The re-emergence of the corporate minimum tax, which would apply to what’s known as the “book income” that companies report on their financial statements, has prompted confusion and fierce lobbying resistance since it was announced last month.

Some initially conflated the measure with the 15 percent global minimum tax that Treasury Secretary Janet L. Yellen has been pushing as part of an international tax deal. However, that is a separate proposal, which in the United States remains stalled in Congress, that would apply to the foreign earnings of American multinational companies.

Republicans have also misleadingly tried to seize on the tax increase as evidence that President Biden was ready to break his campaign promises and raise taxes on middle-class workers. And manufacturers have warned that it would impose new costs at a time of rapid inflation.

In a sign of the political power of lobbyists in Washington, by Thursday evening the new tax had already been watered down. At the urging of manufacturers, Senator Kyrsten Sinema of Arizona persuaded her Democratic colleagues to preserve a valuable deduction, known as bonus depreciation, that is associated with purchases of machinery and equipment.

The new 15 percent minimum tax would apply to corporations that report annual income of more than $1 billion to shareholders on their financial statements but use deductions, credits and other preferential tax treatments to reduce their effective tax rates well below the statutory 21 percent. It was originally projected to raise $313 billion in tax revenue over a decade, though the final tally is likely to be $258 billion once the revised bill is finalized.

The new tax could also inject a greater degree of complexity into the tax code, creating challenges in carrying out the law if it is passed.

“In terms of implementation and just bandwidth to deal with the complexity, there’s no doubt that this regime is complex,” said Peter Richman, a senior attorney adviser at the Tax Law Center at New York University’s law school. “This is a big change and the revenue number is large.”

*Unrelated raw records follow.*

(* For every $\xi\in\mathbb R$, $$\lim_{n\to\infty}\frac12\sum_{l=0}^{n}e^{i\xi(n-2l)/n}\Big\{p^{(H)}_n(l,n-l)^2-q^{(H)}_n(l,n-l)^2\Big\}=-\int_{-1/\sqrt2}^{1/\sqrt2}e^{i\xi x}\,\frac{x}{\pi(1-x^2)\sqrt{1-2x^2}}\,dx.$$
   Context: For $\min\{l,m\}\ge1$, $n=l+m$: $p^{(H)}_n(l,m)=(1/\sqrt2)^{n-1}\sum_{\gamma=1}^{(l-1)\wedge m}(-1)^{m-\gamma}\binom{l-1}{\gamma}\binom{m-1}{\gamma-1}$ and $q^{(H)}_n(l,m)=(1/\sqrt2)^{n-1}\sum_{\gamma=1}^{l\wedge(m-1)}(-1)^{m-\gamma-1}\binom{l-1}{\gamma-1}\binom{m-1}{\gamma}$ (empty sums are $0$); for $n\ge1$, $p^{(H)}_n(0,n)=0$, $q^{(H)}_n(0,n)=(-1/\sqrt2)^{n-1}$, $p^{(H)}_n(n,0)=(1/\sqrt2)^{n-1}$, $q^{(H)}_n(n,0)=0$. *)

theory Defs
  imports "HOL-Analysis.Analysis"
begin

text \<open>pH l m and qH l m are p^(H)_n(l,m), q^(H)_n(l,m) with n = l + m.
  The value at l = m = 0 (n = 0) is not specified by the paper; we set it to 0.\<close>

definition pH :: "nat \<Rightarrow> nat \<Rightarrow> real" where
  "pH l m =
    (if l \<ge> 1 \<and> m \<ge> 1 then
       (1 / sqrt 2) ^ (l + m - 1) *
       (\<Sum>\<gamma> = 1..min (l - 1) m.
          (-1) ^ (m - \<gamma>) * real ((l - 1) choose \<gamma>) * real ((m - 1) choose (\<gamma> - 1)))
     else if l = 0 \<and> m \<ge> 1 then 0
     else if m = 0 \<and> l \<ge> 1 then (1 / sqrt 2) ^ (l - 1)
     else 0)"

definition qH :: "nat \<Rightarrow> nat \<Rightarrow> real" where
  "qH l m =
    (if l \<ge> 1 \<and> m \<ge> 1 then
       (1 / sqrt 2) ^ (l + m - 1) *
       (\<Sum>\<gamma> = 1..min l (m - 1).
          (-1) ^ (m - \<gamma> - 1) * real ((l - 1) choose (\<gamma> - 1)) * real ((m - 1) choose \<gamma>))
     else if l = 0 \<and> m \<ge> 1 then (- 1 / sqrt 2) ^ (m - 1)
     else if m = 0 \<and> l \<ge> 1 then 0
     else 0)"

end

theory Submission
  imports Defs
begin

Because of that complexity, the corporate minimum tax has faced substantial skepticism. It is less efficient than simply eliminating deductions or raising the corporate tax rate and could open the door for companies to find new ways to make their income appear lower to reduce their tax bills.

Similar versions of the idea have been floated by Mr. Biden during his presidential campaign and by Senator Elizabeth Warren, Democrat of Massachusetts. They have been promoted as a way to restore fairness to a tax system that has allowed major corporations to dramatically lower their tax bills through deductions and other accounting measures.

According to an early estimate from the nonpartisan Joint Committee on Taxation, the tax would most likely apply to about 150 companies annually, and the bulk of them would be manufacturers. That spurred an outcry from manufacturing companies and Republicans, who have been opposed to any policies that scale back the tax cuts that they enacted five years ago.

Although many Democrats acknowledge that the corporate minimum tax was not their first choice of tax hikes, they have embraced it as a political winner. Senator Ron Wyden of Oregon, the chairman of the Senate Finance Committee, shared Joint Committee on Taxation data on Thursday indicating that in 2019, about 100 to 125 corporations reported financial statement income greater than $1 billion, yet their effective tax rates were lower than 5 percent. The average income reported on financial statements to shareholders was nearly $9 billion, but they paid an average effective tax rate of just 1.1 percent.

“Companies are paying rock-bottom rates while reporting record profits to their shareholders,” Mr. Wyden said.

The Treasury Department had reservations about the minimum tax idea last year because of its complexity. If enacted, Treasury would be responsible for crafting a raft of new regulations and guidance for the new law and for ensuring that the Internal Revenue Service could properly police it.

Michael J. Graetz, a tax law professor at Columbia University, acknowledged that calculating minimum taxes was complicated and that introducing a new tax base would add new challenges from a tax administration perspective, but he said that he did not view those obstacles as disqualifying. He noted that the current system had created opportunities for tax shelters and allowed companies to take losses for tax purposes that do not show up on their financial statements.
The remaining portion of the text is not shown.